WHAT IS REQUIRED
Exactly and in full, give the records again.

-------- DATA UNDER STUDY

(* Let $I$ be an instance of 2-SCSS-$(k,1)$ given by a directed graph $G=(V,E)$ with edge weights $\omega:E\to\mathbb{R}^{\geq 0}$ and terminals $s,t$, and let $I'$ be the Token Game constructed from $I$ as described in the context. Then $\mathrm{OPT}(I)\leq \mathrm{OPT}(I')$.
   Context: 2-SCSS-$(k,1)$: find $k$ paths $F_1,\dots,F_k$ from $s$ to $t$ and one path $B$ from $t$ to $s$ minimizing $\sum_{e\in E}\omega(e)\max\{|\{i: e\in F_i\}|,\ [e\in B]\}$; $\mathrm{OPT}(I)$ is this minimum. The Token Game $I'$: tokens $\mathbf{b},\mathbf{f}_1,\dots,\mathbf{f}_k$; states are vectors $\bar v=(v_0,v_1,\dots,v_k)\in V^{k+1}$ ($v_0$ the location of $\mathbf{b}$, $v_i$ that of $\mathbf{f}_i$); start state $(s,\dots,s)$, end state $(t,\dots,t)$. From each state $\bar v$ the moves are: (Backward) for each edge $(w,v_0)\in E$, move to the state obtained by replacing $v_0$ by $w$, at cost $\omega(w,v_0)$; (Forward) for each $i\in[k]$ and each edge $(v_i,x)\in E$, move to the state obtained by replacing $v_i$ by $x$, at cost $\omega(v_i,x)$; (Flip) for each $i\in[k]$, move to the state obtained by swapping $v_0$ and $v_i$ (new coordinate $0$ is $v_i$, new coordinate $i$ is $v_0$, others unchanged), at cost equal to the weight of a shortest $v_i\leadsto v_0$ path in $G$. $\mathrm{OPT}(I')$ is the minimum total cost of a sequence of moves from the start state to the end state. *)

theory Defs
  imports Main "HOL-Library.Extended_Real"
begin

(* A directed graph is given by its edge set E :: ('v \<times> 'v) set over vertex set V,
   weights \<omega> :: 'v \<times> 'v \<Rightarrow> real.  A path is represented by its vertex list. *)

definition walk :: "('v \<times> 'v) set \<Rightarrow> 'v list \<Rightarrow> 'v \<Rightarrow> 'v \<Rightarrow> bool" where
  "walk E p u v \<longleftrightarrow> p \<noteq> [] \<and> hd p = u \<and> last p = v \<and> set (zip p (tl p)) \<subseteq> E"

definition edges_of :: "'v list \<Rightarrow> ('v \<times> 'v) set" where
  "edges_of p = set (zip p (tl p))"

(* weight of a path (edges counted with multiplicity) *)
definition walk_weight :: "('v \<times> 'v \<Rightarrow> real) \<Rightarrow> 'v list \<Rightarrow> real" where
  "walk_weight \<omega> p = sum_list (map \<omega> (zip p (tl p)))"

definition scss_cost ::
  "('v \<times> 'v) set \<Rightarrow> ('v \<times> 'v \<Rightarrow> real) \<Rightarrow> nat \<Rightarrow> (nat \<Rightarrow> 'v list) \<Rightarrow> 'v list \<Rightarrow> real" where
  "scss_cost E \<omega> k F B =
     (\<Sum>e\<in>E. \<omega> e * real (max (card {i\<in>{1..k}. e \<in> edges_of (F i)})
                                   (if e \<in> edges_of B then 1 else 0)))"

definition scss_feasible ::
  "('v \<times> 'v) set \<Rightarrow> nat \<Rightarrow> 'v \<Rightarrow> 'v \<Rightarrow> (nat \<Rightarrow> 'v list) \<Rightarrow> 'v list \<Rightarrow> bool" where
  "scss_feasible E k s t F B \<longleftrightarrow> (\<forall>i\<in>{1..k}. walk E (F i) s t) \<and> walk E B t s"

(* OPT(I), as an extended real (infinity if there is no feasible solution) *)
definition OPT_scss ::
  "('v \<times> 'v) set \<Rightarrow> ('v \<times> 'v \<Rightarrow> real) \<Rightarrow> nat \<Rightarrow> 'v \<Rightarrow> 'v \<Rightarrow> ereal" where
  "OPT_scss E \<omega> k s t =
     (INF FB \<in> {(F, B). scss_feasible E k s t F B}. ereal (scss_cost E \<omega> k (fst FB) (snd FB)))"

(* weight of a shortest u \<leadsto> v path in G (infinity if none exists) *)
definition sp_dist :: "('v \<times> 'v) set \<Rightarrow> ('v \<times> 'v \<Rightarrow> real) \<Rightarrow> 'v \<Rightarrow> 'v \<Rightarrow> ereal" where
  "sp_dist E \<omega> u v = (INF p \<in> {p. walk E p u v}. ereal (walk_weight \<omega> p))"

(* Token game: a state is a list (v_0, v_1, ..., v_k) of length k+1;
   tg_move E \<omega> k st st' c: one move from st to st' of cost c *)
inductive tg_move ::
  "('v \<times> 'v) set \<Rightarrow> ('v \<times> 'v \<Rightarrow> real) \<Rightarrow> nat \<Rightarrow> 'v list \<Rightarrow> 'v list \<Rightarrow> ereal \<Rightarrow> bool"
  for E \<omega> k where
  backward: "(w, st ! 0) \<in> E \<Longrightarrow>
     tg_move E \<omega> k st (st[0 := w]) (ereal (\<omega> (w, st ! 0)))"
| forward: "i \<in> {1..k} \<Longrightarrow> (st ! i, x) \<in> E \<Longrightarrow>
     tg_move E \<omega> k st (st[i := x]) (ereal (\<omega> (st ! i, x)))"
| flip: "i \<in> {1..k} \<Longrightarrow>
     tg_move E \<omega> k st (st[0 := st ! i, i := st ! 0]) (sp_dist E \<omega> (st ! i) (st ! 0))"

----------------

REPLY TO THE TASK
(* Let $I$ be an instance of 2-SCSS-$(k,1)$ given by a directed graph $G=(V,E)$ with edge weights $\omega:E\to\mathbb{R}^{\geq 0}$ and terminals $s,t$, and let $I'$ be the Token Game constructed from $I$ as described in the context. Then $\mathrm{OPT}(I)\leq \mathrm{OPT}(I')$.
   Context: 2-SCSS-$(k,1)$: find $k$ paths $F_1,\dots,F_k$ from $s$ to $t$ and one path $B$ from $t$ to $s$ minimizing $\sum_{e\in E}\omega(e)\max\{|\{i: e\in F_i\}|,\ [e\in B]\}$; $\mathrm{OPT}(I)$ is this minimum. The Token Game $I'$: tokens $\mathbf{b},\mathbf{f}_1,\dots,\mathbf{f}_k$; states are vectors $\bar v=(v_0,v_1,\dots,v_k)\in V^{k+1}$ ($v_0$ the location of $\mathbf{b}$, $v_i$ that of $\mathbf{f}_i$); start state $(s,\dots,s)$, end state $(t,\dots,t)$. From each state $\bar v$ the moves are: (Backward) for each edge $(w,v_0)\in E$, move to the state obtained by replacing $v_0$ by $w$, at cost $\omega(w,v_0)$; (Forward) for each $i\in[k]$ and each edge $(v_i,x)\in E$, move to the state obtained by replacing $v_i$ by $x$, at cost $\omega(v_i,x)$; (Flip) for each $i\in[k]$, move to the state obtained by swapping $v_0$ and $v_i$ (new coordinate $0$ is $v_i$, new coordinate $i$ is $v_0$, others unchanged), at cost equal to the weight of a shortest $v_i\leadsto v_0$ path in $G$. $\mathrm{OPT}(I')$ is the minimum total cost of a sequence of moves from the start state to the end state. *)

theory Defs
  imports Main "HOL-Library.Extended_Real"
begin

(* A directed graph is given by its edge set E :: ('v \<times> 'v) set over vertex set V,
   weights \<omega> :: 'v \<times> 'v \<Rightarrow> real.  A path is represented by its vertex list. *)

definition walk :: "('v \<times> 'v) set \<Rightarrow> 'v list \<Rightarrow> 'v \<Rightarrow> 'v \<Rightarrow> bool" where
  "walk E p u v \<longleftrightarrow> p \<noteq> [] \<and> hd p = u \<and> last p = v \<and> set (zip p (tl p)) \<subseteq> E"

definition edges_of :: "'v list \<Rightarrow> ('v \<times> 'v) set" where
  "edges_of p = set (zip p (tl p))"

(* weight of a path (edges counted with multiplicity) *)
definition walk_weight :: "('v \<times> 'v \<Rightarrow> real) \<Rightarrow> 'v list \<Rightarrow> real" where
  "walk_weight \<omega> p = sum_list (map \<omega> (zip p (tl p)))"

definition scss_cost ::
  "('v \<times> 'v) set \<Rightarrow> ('v \<times> 'v \<Rightarrow> real) \<Rightarrow> nat \<Rightarrow> (nat \<Rightarrow> 'v list) \<Rightarrow> 'v list \<Rightarrow> real" where
  "scss_cost E \<omega> k F B =
     (\<Sum>e\<in>E. \<omega> e * real (max (card {i\<in>{1..k}. e \<in> edges_of (F i)})
                                   (if e \<in> edges_of B then 1 else 0)))"

definition scss_feasible ::
  "('v \<times> 'v) set \<Rightarrow> nat \<Rightarrow> 'v \<Rightarrow> 'v \<Rightarrow> (nat \<Rightarrow> 'v list) \<Rightarrow> 'v list \<Rightarrow> bool" where
  "scss_feasible E k s t F B \<longleftrightarrow> (\<forall>i\<in>{1..k}. walk E (F i) s t) \<and> walk E B t s"

(* OPT(I), as an extended real (infinity if there is no feasible solution) *)
definition OPT_scss ::
  "('v \<times> 'v) set \<Rightarrow> ('v \<times> 'v \<Rightarrow> real) \<Rightarrow> nat \<Rightarrow> 'v \<Rightarrow> 'v \<Rightarrow> ereal" where
  "OPT_scss E \<omega> k s t =
     (INF FB \<in> {(F, B). scss_feasible E k s t F B}. ereal (scss_cost E \<omega> k (fst FB) (snd FB)))"

(* weight of a shortest u \<leadsto> v path in G (infinity if none exists) *)
definition sp_dist :: "('v \<times> 'v) set \<Rightarrow> ('v \<times> 'v \<Rightarrow> real) \<Rightarrow> 'v \<Rightarrow> 'v \<Rightarrow> ereal" where
  "sp_dist E \<omega> u v = (INF p \<in> {p. walk E p u v}. ereal (walk_weight \<omega> p))"

(* Token game: a state is a list (v_0, v_1, ..., v_k) of length k+1;
   tg_move E \<omega> k st st' c: one move from st to st' of cost c *)
inductive tg_move ::
  "('v \<times> 'v) set \<Rightarrow> ('v \<times> 'v \<Rightarrow> real) \<Rightarrow> nat \<Rightarrow> 'v list \<Rightarrow> 'v list \<Rightarrow> ereal \<Rightarrow> bool"
  for E \<omega> k where
  backward: "(w, st ! 0) \<in> E \<Longrightarrow>
     tg_move E \<omega> k st (st[0 := w]) (ereal (\<omega> (w, st ! 0)))"
| forward: "i \<in> {1..k} \<Longrightarrow> (st ! i, x) \<in> E \<Longrightarrow>
     tg_move E \<omega> k st (st[i := x]) (ereal (\<omega> (st ! i, x)))"
| flip: "i \<in> {1..k} \<Longrightarrow>
     tg_move E \<omega> k st (st[0 := st ! i, i := st ! 0]) (sp_dist E \<omega> (st ! i) (st ! 0))"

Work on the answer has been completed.